Collected data:

____________

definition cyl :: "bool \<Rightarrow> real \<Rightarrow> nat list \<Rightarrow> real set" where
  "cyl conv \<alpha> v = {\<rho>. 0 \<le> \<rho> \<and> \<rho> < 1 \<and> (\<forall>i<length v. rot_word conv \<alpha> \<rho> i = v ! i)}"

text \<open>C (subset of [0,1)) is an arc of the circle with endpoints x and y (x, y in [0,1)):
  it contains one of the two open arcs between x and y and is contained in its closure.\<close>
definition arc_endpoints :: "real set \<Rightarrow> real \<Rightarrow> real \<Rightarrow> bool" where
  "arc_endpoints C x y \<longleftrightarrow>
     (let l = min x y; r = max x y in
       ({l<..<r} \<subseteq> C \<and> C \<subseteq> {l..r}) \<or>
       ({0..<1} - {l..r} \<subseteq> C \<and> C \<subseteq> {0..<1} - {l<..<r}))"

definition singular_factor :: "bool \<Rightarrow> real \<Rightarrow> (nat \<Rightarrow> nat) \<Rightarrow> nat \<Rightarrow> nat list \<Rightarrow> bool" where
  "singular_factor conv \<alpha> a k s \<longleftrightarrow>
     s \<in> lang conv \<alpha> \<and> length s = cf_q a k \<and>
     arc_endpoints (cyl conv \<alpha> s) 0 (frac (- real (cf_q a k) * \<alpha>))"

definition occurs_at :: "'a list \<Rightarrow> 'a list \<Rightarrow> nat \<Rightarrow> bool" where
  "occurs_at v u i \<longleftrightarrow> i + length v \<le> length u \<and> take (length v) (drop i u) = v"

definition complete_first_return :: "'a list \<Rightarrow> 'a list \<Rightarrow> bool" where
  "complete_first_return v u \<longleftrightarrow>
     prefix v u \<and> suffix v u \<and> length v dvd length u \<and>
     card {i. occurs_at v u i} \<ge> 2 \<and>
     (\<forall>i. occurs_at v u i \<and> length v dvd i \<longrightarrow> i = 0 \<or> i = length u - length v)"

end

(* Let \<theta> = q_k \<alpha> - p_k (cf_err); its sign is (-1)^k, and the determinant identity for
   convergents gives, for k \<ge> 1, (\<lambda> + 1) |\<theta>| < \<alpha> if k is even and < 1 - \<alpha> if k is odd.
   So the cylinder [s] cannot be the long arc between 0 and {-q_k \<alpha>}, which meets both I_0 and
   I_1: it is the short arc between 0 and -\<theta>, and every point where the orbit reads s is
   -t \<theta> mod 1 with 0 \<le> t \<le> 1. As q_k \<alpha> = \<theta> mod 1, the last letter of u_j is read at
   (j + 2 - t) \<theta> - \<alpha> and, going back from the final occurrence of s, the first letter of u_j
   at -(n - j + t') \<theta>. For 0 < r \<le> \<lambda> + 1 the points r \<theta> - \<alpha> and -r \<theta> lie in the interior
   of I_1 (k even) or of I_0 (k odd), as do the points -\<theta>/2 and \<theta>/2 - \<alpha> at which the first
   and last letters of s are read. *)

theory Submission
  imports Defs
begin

____________

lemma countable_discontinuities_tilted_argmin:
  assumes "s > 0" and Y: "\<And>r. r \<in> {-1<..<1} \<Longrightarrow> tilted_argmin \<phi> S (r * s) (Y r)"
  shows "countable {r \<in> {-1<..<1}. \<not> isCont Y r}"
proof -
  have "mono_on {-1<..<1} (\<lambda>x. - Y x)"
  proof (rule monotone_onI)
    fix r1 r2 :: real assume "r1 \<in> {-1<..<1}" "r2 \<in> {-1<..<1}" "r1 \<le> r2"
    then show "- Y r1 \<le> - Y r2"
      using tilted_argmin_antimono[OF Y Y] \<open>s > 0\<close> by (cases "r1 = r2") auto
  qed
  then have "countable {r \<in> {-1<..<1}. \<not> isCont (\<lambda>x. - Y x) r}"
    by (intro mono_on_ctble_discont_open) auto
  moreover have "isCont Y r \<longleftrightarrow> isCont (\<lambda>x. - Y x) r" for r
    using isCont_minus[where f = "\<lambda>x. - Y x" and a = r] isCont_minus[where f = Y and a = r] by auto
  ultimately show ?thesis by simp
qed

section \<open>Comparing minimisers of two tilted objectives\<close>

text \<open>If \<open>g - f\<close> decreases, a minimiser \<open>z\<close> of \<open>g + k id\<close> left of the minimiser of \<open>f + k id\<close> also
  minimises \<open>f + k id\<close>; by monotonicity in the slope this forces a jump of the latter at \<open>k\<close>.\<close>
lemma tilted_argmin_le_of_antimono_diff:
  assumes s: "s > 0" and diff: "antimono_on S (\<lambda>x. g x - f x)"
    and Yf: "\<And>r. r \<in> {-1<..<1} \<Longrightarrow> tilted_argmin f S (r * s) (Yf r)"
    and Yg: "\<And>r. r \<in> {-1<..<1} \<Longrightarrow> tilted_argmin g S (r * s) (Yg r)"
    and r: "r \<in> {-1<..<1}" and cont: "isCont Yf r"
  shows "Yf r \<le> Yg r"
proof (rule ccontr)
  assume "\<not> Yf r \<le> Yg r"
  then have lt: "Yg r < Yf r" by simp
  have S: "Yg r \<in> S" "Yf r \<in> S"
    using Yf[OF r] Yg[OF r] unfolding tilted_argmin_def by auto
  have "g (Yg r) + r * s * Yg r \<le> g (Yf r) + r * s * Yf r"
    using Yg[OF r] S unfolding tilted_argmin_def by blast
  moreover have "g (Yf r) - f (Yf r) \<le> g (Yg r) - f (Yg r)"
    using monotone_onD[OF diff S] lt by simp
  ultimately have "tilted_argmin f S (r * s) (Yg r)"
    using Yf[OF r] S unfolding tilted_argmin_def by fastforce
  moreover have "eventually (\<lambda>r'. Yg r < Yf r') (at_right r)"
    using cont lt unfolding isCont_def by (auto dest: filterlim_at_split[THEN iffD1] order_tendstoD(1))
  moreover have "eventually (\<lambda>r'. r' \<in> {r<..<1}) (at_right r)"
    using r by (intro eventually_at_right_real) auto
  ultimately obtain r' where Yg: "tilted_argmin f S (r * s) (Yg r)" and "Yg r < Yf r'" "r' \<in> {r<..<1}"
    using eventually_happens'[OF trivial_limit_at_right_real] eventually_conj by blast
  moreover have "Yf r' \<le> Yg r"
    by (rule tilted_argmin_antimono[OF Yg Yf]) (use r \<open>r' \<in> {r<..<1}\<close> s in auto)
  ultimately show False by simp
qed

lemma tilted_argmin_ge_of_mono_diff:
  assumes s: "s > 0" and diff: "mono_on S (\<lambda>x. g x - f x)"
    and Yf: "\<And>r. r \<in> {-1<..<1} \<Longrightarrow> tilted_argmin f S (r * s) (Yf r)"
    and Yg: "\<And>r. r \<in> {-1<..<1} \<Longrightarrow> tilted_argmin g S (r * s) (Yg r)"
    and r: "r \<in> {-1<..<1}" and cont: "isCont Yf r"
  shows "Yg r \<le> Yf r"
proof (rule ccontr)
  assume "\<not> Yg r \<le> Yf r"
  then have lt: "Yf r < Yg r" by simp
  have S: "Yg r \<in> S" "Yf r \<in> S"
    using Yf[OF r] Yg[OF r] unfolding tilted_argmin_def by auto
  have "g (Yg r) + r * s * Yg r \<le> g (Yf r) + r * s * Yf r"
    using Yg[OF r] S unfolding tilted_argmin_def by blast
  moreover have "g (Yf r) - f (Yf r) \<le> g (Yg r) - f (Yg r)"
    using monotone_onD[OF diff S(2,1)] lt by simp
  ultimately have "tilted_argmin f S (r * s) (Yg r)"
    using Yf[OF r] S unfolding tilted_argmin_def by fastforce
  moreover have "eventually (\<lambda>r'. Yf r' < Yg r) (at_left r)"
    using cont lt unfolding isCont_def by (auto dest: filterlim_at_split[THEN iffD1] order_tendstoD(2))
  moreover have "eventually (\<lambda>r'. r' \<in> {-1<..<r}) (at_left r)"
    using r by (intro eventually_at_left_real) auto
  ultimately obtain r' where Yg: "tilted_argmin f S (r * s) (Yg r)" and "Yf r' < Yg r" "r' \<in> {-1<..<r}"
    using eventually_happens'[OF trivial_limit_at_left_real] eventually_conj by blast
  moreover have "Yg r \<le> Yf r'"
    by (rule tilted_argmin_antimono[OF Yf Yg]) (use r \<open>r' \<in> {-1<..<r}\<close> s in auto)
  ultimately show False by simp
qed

____________

Work task:
Some lines in the data above hold the string "which". Find and copy each of them.

Your solution:
   So the cylinder [s] cannot be the long arc between 0 and {-q_k \<alpha>}, which meets both I_0 and
   of I_1 (k even) or of I_0 (k odd), as do the points -\<theta>/2 and \<theta>/2 - \<alpha> at which the first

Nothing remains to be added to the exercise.